Il composait à l’époque une musique incorporelle, mystérieusement détachée de la
chair, tout à la fois céleste et infernale, faite de volutes sonores, d’envolées, de
tournoiements de sons lancinants et répétitifs. Parfois, une voix féminine salvatrice
accompagnait le maëlstrom des mélodies naissantes, en réminiscence probable d’un
lointain paradis perdu…
Et puis il y avait eu la chute. Un déluge d’eau, une inondation qui avait emporté ses
compositions et ses projets, noyé ses rêves et son matériel.
Une chute dure et incompréhensible comme le Fatum, chassant définitivement la
musique dans un au-delà inaccessible, exilant l’artiste sur une terre battue par les
embruns marins, l’enfermant dans les frontières étriquées du petit port de Trouville.

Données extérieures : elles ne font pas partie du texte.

text \<open>Energy estimate for \<open>p' = q\<close>, \<open>q' = W p\<close>: with \<open>E = q\<^sup>2 + \<mu> p\<^sup>2\<close> one has
  \<open>E' = 2 p q (W + \<mu>)\<close>, and \<open>2 \<bar>p q\<bar> \<le> E\<close> as soon as \<open>\<mu> \<ge> 1\<close>.\<close>

lemma energy_exp_bounds:
  fixes p q W :: "real \<Rightarrow> real"
  assumes dp: "\<And>x. x \<in> {0..c} \<Longrightarrow> (p has_real_derivative q x) (at x within {0..c})"
    and dq: "\<And>x. x \<in> {0..c} \<Longrightarrow> (q has_real_derivative W x * p x) (at x within {0..c})"
    and \<mu>: "\<mu> \<ge> 1" and \<alpha>: "\<And>x. x \<in> {0..c} \<Longrightarrow> \<bar>W x + \<mu>\<bar> \<le> \<alpha>" and x: "x \<in> {0..c}"
  shows "q x ^ 2 + \<mu> * p x ^ 2 \<le> (q 0 ^ 2 + \<mu> * p 0 ^ 2) * exp (\<alpha> * x)"
    and "(q 0 ^ 2 + \<mu> * p 0 ^ 2) * exp (- \<alpha> * x) \<le> q x ^ 2 + \<mu> * p x ^ 2"
proof -
  define E where "E x = q x ^ 2 + \<mu> * p x ^ 2" for x
  define E' where "E' x = 2 * (p x * q x) * (W x + \<mu>)" for x
  have dE: "(E has_real_derivative E' x) (at x within {0..c})" if "x \<in> {0..c}" for x
    unfolding E_def E'_def using dp[OF that] dq[OF that]
    by (auto intro!: derivative_eq_intros simp: algebra_simps)
  have bE: "\<bar>E' x\<bar> \<le> \<alpha> * E x" if x: "x \<in> {0..c}" for x
  proof -
    have "2 * \<bar>p x * q x\<bar> \<le> E x"
      using \<mu> sum_squares_bound[of "\<bar>p x\<bar>" "\<bar>q x\<bar>"] mult_right_mono[OF \<mu>, of "p x ^ 2"]
      by (simp add: E_def abs_mult power2_eq_square)
    then have "2 * \<bar>p x * q x\<bar> * \<bar>W x + \<mu>\<bar> \<le> E x * \<alpha>"
      using \<alpha>[OF x] by (intro mult_mono) auto
    then show ?thesis by (simp add: E'_def abs_mult mult.commute)
  qed
  show "q x ^ 2 + \<mu> * p x ^ 2 \<le> (q 0 ^ 2 + \<mu> * p 0 ^ 2) * exp (\<alpha> * x)"
    using exp_bounds_if_abs_deriv_le(1)[OF dE bE x] by (simp add: E_def)
  show "(q 0 ^ 2 + \<mu> * p 0 ^ 2) * exp (- \<alpha> * x) \<le> q x ^ 2 + \<mu> * p x ^ 2"
    using exp_bounds_if_abs_deriv_le(2)[OF dE bE x] by (simp add: E_def)
qed

lemma integral_tent:
  fixes h c :: real
  assumes "0 \<le> h" "h \<le> c"
  shows "integral {0..c} (\<lambda>x. max 0 (h - x)) = h\<^sup>2 / 2"
proof -
  have "integral {0..c} (\<lambda>x. max 0 (h - x)) =
      integral {0..h} (\<lambda>x. max 0 (h - x)) + integral {h..c} (\<lambda>x. max 0 (h - x))"
    by (rule Henstock_Kurzweil_Integration.integral_combine[OF assms, symmetric])
      (intro integrable_continuous_interval continuous_intros)
  also have "integral {h..c} (\<lambda>x. max 0 (h - x)) = 0"
    by (subst integral_cong[of _ _ "\<lambda>_. 0"]) auto
  also have "integral {0..h} (\<lambda>x. max 0 (h - x)) = integral {0..h} (\<lambda>x. h - x)"
    by (rule integral_cong) auto
  also have "\<dots> = h\<^sup>2 / 2"
  proof (rule integral_unique)
    have "((\<lambda>x. h - x) has_integral (h * h - h\<^sup>2 / 2) - (h * 0 - 0\<^sup>2 / 2)) {0..h}"
    proof (rule fundamental_theorem_of_calculus)
      show "((\<lambda>x. h * x - x\<^sup>2 / 2) has_vector_derivative h - x) (at x within {0..h})" for x
        by (auto intro!: derivative_eq_intros simp flip: has_real_derivative_iff_has_vector_derivative)
    qed (use assms in auto)
    then show "((\<lambda>x. h - x) has_integral h\<^sup>2 / 2) {0..h}"
      by (simp add: power2_eq_square)
  qed
  finally show ?thesis by simp
qed

lemma integral_mult_sum:
  fixes g :: "real \<Rightarrow> real" and e :: "'i \<Rightarrow> real \<Rightarrow> real"
  assumes F: "finite F" and cont: "continuous_on {a..c} g" "\<And>i. i \<in> F \<Longrightarrow> continuous_on {a..c} (e i)"
  shows "integral {a..c} (\<lambda>x. g x * (\<Sum>i\<in>F. \<alpha> i * e i x)) =
    (\<Sum>i\<in>F. \<alpha> i * integral {a..c} (\<lambda>x. g x * e i x))"
proof -
  have "integral {a..c} (\<lambda>x. g x * (\<Sum>i\<in>F. \<alpha> i * e i x)) =
      integral {a..c} (\<lambda>x. \<Sum>i\<in>F. \<alpha> i * (g x * e i x))"
    by (simp add: sum_distrib_left algebra_simps)
  also have "\<dots> = (\<Sum>i\<in>F. integral {a..c} (\<lambda>x. \<alpha> i * (g x * e i x)))"
    by (rule integral_sum[OF F]) (intro integrable_continuous_interval continuous_intros cont)
  finally show ?thesis by simp
qed

lemma bessel_inequality_integral:
  fixes f :: "real \<Rightarrow> real" and e :: "'i \<Rightarrow> real \<Rightarrow> real"
  assumes F: "finite F"
    and cont: "continuous_on {a..c} f" "\<And>i. i \<in> F \<Longrightarrow> continuous_on {a..c} (e i)"
    and orth: "\<And>i j. i \<in> F \<Longrightarrow> j \<in> F \<Longrightarrow> i \<noteq> j \<Longrightarrow> integral {a..c} (\<lambda>x. e i x * e j x) = 0"
    and pos: "\<And>i. i \<in> F \<Longrightarrow> integral {a..c} (\<lambda>x. e i x * e i x) > 0"
  shows "(\<Sum>i\<in>F. (integral {a..c} (\<lambda>x. f x * e i x))\<^sup>2 / integral {a..c} (\<lambda>x. e i x * e i x))
           \<le> integral {a..c} (\<lambda>x. f x * f x)"
proof -
  define ip where "ip g h = integral {a..c} (\<lambda>x. g x * h x)" for g h :: "real \<Rightarrow> real"
  define \<alpha> where "\<alpha> i = ip f (e i) / ip (e i) (e i)" for i
  define P where "P x = (\<Sum>i\<in>F. \<alpha> i * e i x)" for x
  have P: "continuous_on {a..c} P"
    unfolding P_def by (intro continuous_intros cont)
  have ip_P: "ip g P = (\<Sum>i\<in>F. \<alpha> i * ip g (e i))" if "continuous_on {a..c} g" for g
    unfolding ip_def P_def by (rule integral_mult_sum[OF F that cont(2)])
  have ip_commute: "ip g h = ip h g" for g h
    by (simp add: ip_def mult.commute)
  have "ip P P = (\<Sum>j\<in>F. \<alpha> j * ip (e j) P)"
    using ip_P[OF P] by (simp add: ip_commute)
  also have "\<dots> = (\<Sum>j\<in>F. \<alpha> j * \<alpha> j * ip (e j) (e j))"
  proof (intro sum.cong refl)
    fix j assume j: "j \<in> F"
    have "ip (e j) P = (\<Sum>i\<in>F. \<alpha> i * ip (e j) (e i))" by (rule ip_P[OF cont(2)[OF j]])
    also have "\<dots> = \<alpha> j * ip (e j) (e j)"
      using F j orth[of j] by (subst sum.remove) (auto intro!: sum.neutral simp: ip_def, metis)
    finally show "\<alpha> j * ip (e j) P = \<alpha> j * \<alpha> j * ip (e j) (e j)" by simp
  qed
  finally have PP: "ip P P = (\<Sum>j\<in>F. \<alpha> j * \<alpha> j * ip (e j) (e j))" .
  have "0 \<le> ip (\<lambda>x. f x - P x) (\<lambda>x. f x - P x)"
    unfolding ip_def by (intro integral_nonneg integrable_continuous_interval continuous_intros cont P) auto
  also have "\<dots> = ip f f - 2 * ip f P + ip P P"
  proof -
    have "((\<lambda>x. f x * f x - 2 * (f x * P x) + P x * P x) has_integral ip f f - 2 * ip f P + ip P P)
        {a..c}"
      unfolding ip_def
      by (intro has_integral_add has_integral_diff has_integral_mult_right integrable_integral
          integrable_continuous_interval continuous_intros cont P)
    moreover have "(\<lambda>x. (f x - P x) * (f x - P x)) = (\<lambda>x. f x * f x - 2 * (f x * P x) + P x * P x)"
      by (simp add: fun_eq_iff algebra_simps)
    ultimately show ?thesis
      unfolding ip_def by (simp add: integral_unique)
  qed
  also have "\<dots> = ip f f - (\<Sum>i\<in>F. (ip f (e i))\<^sup>2 / ip (e i) (e i))"
  proof -
    have "\<alpha> i * ip f (e i) = (ip f (e i))\<^sup>2 / ip (e i) (e i)" for i
      by (simp add: \<alpha>_def power2_eq_square)
    moreover have "\<alpha> i * \<alpha> i * ip (e i) (e i) = (ip f (e i))\<^sup>2 / ip (e i) (e i)" if "i \<in> F" for i
      using pos[OF that] by (simp add: \<alpha>_def ip_def power2_eq_square)
    ultimately show ?thesis
      unfolding ip_P[OF cont(1)] PP by simp
  qed
  finally show ?thesis by (simp add: ip_def)
qed

lemma sum_inverse_le_dyadic:
  fixes S F :: "real set"
  assumes S: "S \<subseteq> {1<..}"
    and count: "\<And>T G. T \<ge> 1 \<Longrightarrow> finite G \<Longrightarrow> G \<subseteq> S \<Longrightarrow> \<forall>t\<in>G. t \<le> T \<Longrightarrow>
                  real (card G) \<le> C * sqrt T"
    and F: "finite F" "F \<subseteq> S"
  shows "(\<Sum>t\<in>{t\<in>F. t \<le> 2 ^ N}. 1 / t) \<le> C * sqrt 2 * (\<Sum>j<N. (1 / sqrt 2) ^ j)"
proof (induction N)
  case 0
  have "{t\<in>F. t \<le> 1} = {}" using F S by force
  then show ?case unfolding power_0 by (simp only: sum.empty) simp
next
  case (Suc N)
  define A where "A = {t\<in>F. t \<le> 2 ^ N}"
  define B where "B = {t\<in>F. 2 ^ N < t \<and> t \<le> 2 ^ Suc N}"
  have N: "(2::real) ^ N \<le> 2 ^ Suc N" by simp
  have "{t\<in>F. t \<le> 2 ^ Suc N} = A \<union> B"
    unfolding A_def B_def using order_trans[OF _ N] by (auto simp del: power_Suc)
  then have "(\<Sum>t\<in>{t\<in>F. t \<le> 2 ^ Suc N}. 1 / t) = (\<Sum>t\<in>A. 1 / t) + (\<Sum>t\<in>B. 1 / t)"
    using F by (simp add: sum.union_disjoint A_def B_def disjoint_iff del: power_Suc)
  moreover have "(\<Sum>t\<in>B. 1 / t) \<le> C * sqrt 2 * (1 / sqrt 2) ^ N"
  proof -
    have "(\<Sum>t\<in>B. 1 / t) \<le> (\<Sum>t\<in>B. 1 / 2 ^ N)"
      by (rule sum_mono) (auto simp: B_def intro!: divide_left_mono)
    also have "\<dots> = real (card B) / 2 ^ N" by simp
    also have "\<dots> \<le> C * sqrt (2 ^ Suc N) / 2 ^ N"
      using F by (intro divide_right_mono count) (auto simp: B_def simp del: power_Suc)
    also have "C * sqrt (2 ^ Suc N) / 2 ^ N = C * sqrt 2 * (1 / sqrt 2) ^ N"
    proof -
      have "sqrt (2 ^ Suc N) = sqrt 2 * sqrt 2 ^ N" "(2::real) ^ N = sqrt 2 ^ N * sqrt 2 ^ N"
        by (simp_all add: real_sqrt_power real_sqrt_mult flip: power_mult_distrib)
      then show ?thesis by (simp add: power_one_over)
    qed
    finally show ?thesis .
  qed
  ultimately show ?case
    using Suc.IH unfolding A_def by (simp add: algebra_simps)
qed

lemma summable_on_inverse_if_card_le_sqrt:
  fixes S :: "real set"
  assumes S: "S \<subseteq> {1<..}"
    and count: "\<And>T G. T \<ge> 1 \<Longrightarrow> finite G \<Longrightarrow> G \<subseteq> S \<Longrightarrow> \<forall>t\<in>G. t \<le> T \<Longrightarrow>
                  real (card G) \<le> C * sqrt T"
  shows "(\<lambda>t. 1 / t) summable_on S"
proof (rule nonneg_bdd_above_summable_on)
  define q :: real where "q = 1 / sqrt 2"
  have q: "0 \<le> q" "q < 1" by (auto simp: q_def)
  have C: "C \<ge> 0"
    using count[of 1 "{}"] by simp
  show "bdd_above (sum (\<lambda>t. 1 / t) ` {F. F \<subseteq> S \<and> finite F})"
  proof (rule bdd_aboveI2)
    fix F assume "F \<in> {F. F \<subseteq> S \<and> finite F}"
    then have F: "finite F" "F \<subseteq> S" by auto
    obtain N where "Max (insert 0 F) < (2::real) ^ N"
      using real_arch_pow[of 2] by auto
    then have "{t\<in>F. t \<le> 2 ^ N} = F"
      using F by (auto intro: less_imp_le order_trans[OF Max_ge])
    then have "(\<Sum>t\<in>F. 1 / t) \<le> C * sqrt 2 * (\<Sum>j<N. q ^ j)"
      using sum_inverse_le_dyadic[OF S count F, of N] unfolding q_def by (simp only:)
    also have "\<dots> = C * sqrt 2 * ((1 - q ^ N) / (1 - q))"
      using q by (simp add: sum_gp_strict)
    also have "\<dots> \<le> C * sqrt 2 * (1 / (1 - q))"
      using C q by (intro mult_left_mono divide_right_mono) auto
    finally show "(\<Sum>t\<in>F. 1 / t) \<le> C * sqrt 2 * (1 / (1 - q))" .
  qed
qed (use S in auto)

Le peintre ayant toujours représenté pour Igor un musicien et un ange déchu, il s’était
alors tourné vers la peinture, en espérant y transcrire la voix et la musique intérieure qui
continuaient à lui parler secrètement. Il n’était pas question, pour lui, de s’y adonner de
manière mièvre et gentille, en cherchant à se souvenir du monde perdu. Pas plus que de
représenter une jolie fresque figurative de la réalité, ou encore de jouer avec les
savantes combinaisons de l’abstraction.
Puisqu’il se retrouvait englué dans la
matière, il allait la saisir à pleines mains, la
projeter dans les moindres recoins de ses
tableaux, l’amener à se reproduire jusqu’à la
nausée, en occupant le moindre centimètre de
toile vierge, avec une rage et une violence
confinant au défoulement obsessionnel.
Comme si, en triturant et en entassant cette
matière dans ses toiles, elle allait finalement
s’épuiser et le libérer –à l’image du gnostique Simon le Magicien et de ses disciples du
premier siècle qui prônaient la débauche et l’orgie pour faire jaillir l’étincelle divine
d’une chair épuisée.
Huile sur toile 60 x 80 (à vérifier)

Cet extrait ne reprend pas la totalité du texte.